Goal of the exercise —
From the line containing "using maximal_monotoneD[OF assms]" through the last line of the data, return those lines exactly as written and nothing more.

Records provided —

theorem maximal_monotone_minty:
  fixes A :: "'a::euclidean_space \<Rightarrow> 'a set"
  assumes "maximal_monotone A"
  shows "\<exists>y. x - y \<in> A y"
proof -
  obtain a0 u0 where "u0 \<in> A a0"
    using maximal_monotone_graph_nonempty[OF assms] by blast
  then obtain y where "\<And>a u. u \<in> A a \<Longrightarrow> 0 \<le> inner (x - y - u) (y - a)"
    using monotone_extension_point[OF maximal_monotoneD[OF assms]] by blast
  then have "x - y \<in> A y"
    by (intro maximal_monotone_memI[OF assms]) (simp add: inner_commute)
  then show ?thesis ..
qed

lemma resolvent_eqI:
  assumes "monotone_op A" and "x - y \<in> A y"
  shows "resolvent A x = y"
  unfolding resolvent_def
proof (rule the_equality)
  fix z assume "x - z \<in> A z"
  then have "0 \<le> inner (z - y) ((x - z) - (x - y))"
    using assms unfolding monotone_op_def by blast
  then have "inner (z - y) (z - y) \<le> 0"
    by (simp add: inner_diff_right inner_diff_left inner_commute)
  then show "z = y"
    by (metis eq_iff_diff_eq_0 inner_gt_zero_iff not_le)
qed (rule assms(2))

lemma resolvent_mem:
  fixes A :: "'a::euclidean_space \<Rightarrow> 'a set"
  assumes "maximal_monotone A"
  shows "x - resolvent A x \<in> A (resolvent A x)"
proof -
  obtain y where "x - y \<in> A y"
    using maximal_monotone_minty[OF assms] by blast
  then show ?thesis
    using resolvent_eqI[OF maximal_monotoneD[OF assms]] by blast
qed

definition firmly_nonexpansive :: "('a::real_inner \<Rightarrow> 'a) \<Rightarrow> bool" where
  "firmly_nonexpansive F \<longleftrightarrow> (\<forall>x y. norm (F x - F y) ^ 2 \<le> inner (x - y) (F x - F y))"

lemma firmly_nonexpansive_monotone:
  "firmly_nonexpansive F \<Longrightarrow> 0 \<le> inner (x - y) (F x - F y)"
  unfolding firmly_nonexpansive_def by (meson order_trans zero_le_power2)

lemma yosida_firmly_nonexpansive:
  fixes A :: "'a::euclidean_space \<Rightarrow> 'a set"
  assumes "maximal_monotone A"
  shows "firmly_nonexpansive (yosida A)"
  unfolding firmly_nonexpansive_def
proof (intro allI)
  fix x y
  have "0 \<le> inner (resolvent A x - resolvent A y) (yosida A x - yosida A y)"
    using maximal_monotoneD[OF assms] resolvent_mem[OF assms, of x] resolvent_mem[OF assms, of y]
    unfolding monotone_op_def yosida_def by blast
  moreover have "resolvent A x - resolvent A y = (x - y) - (yosida A x - yosida A y)"
    by (simp add: yosida_def)
  ultimately show "norm (yosida A x - yosida A y) ^ 2 \<le> inner (x - y) (yosida A x - yosida A y)"
    by (simp add: inner_diff_left power2_norm_eq_inner)
qed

Answer box —
    using maximal_monotoneD[OF assms] resolvent_mem[OF assms, of x] resolvent_mem[OF assms, of y]
    unfolding monotone_op_def yosida_def by blast
  moreover have "resolvent A x - resolvent A y = (x - y) - (yosida A x - yosida A y)"
    by (simp add: yosida_def)
  ultimately show "norm (yosida A x - yosida A y) ^ 2 \<le> inner (x - y) (yosida A x - yosida A y)"
    by (simp add: inner_diff_left power2_norm_eq_inner)
qed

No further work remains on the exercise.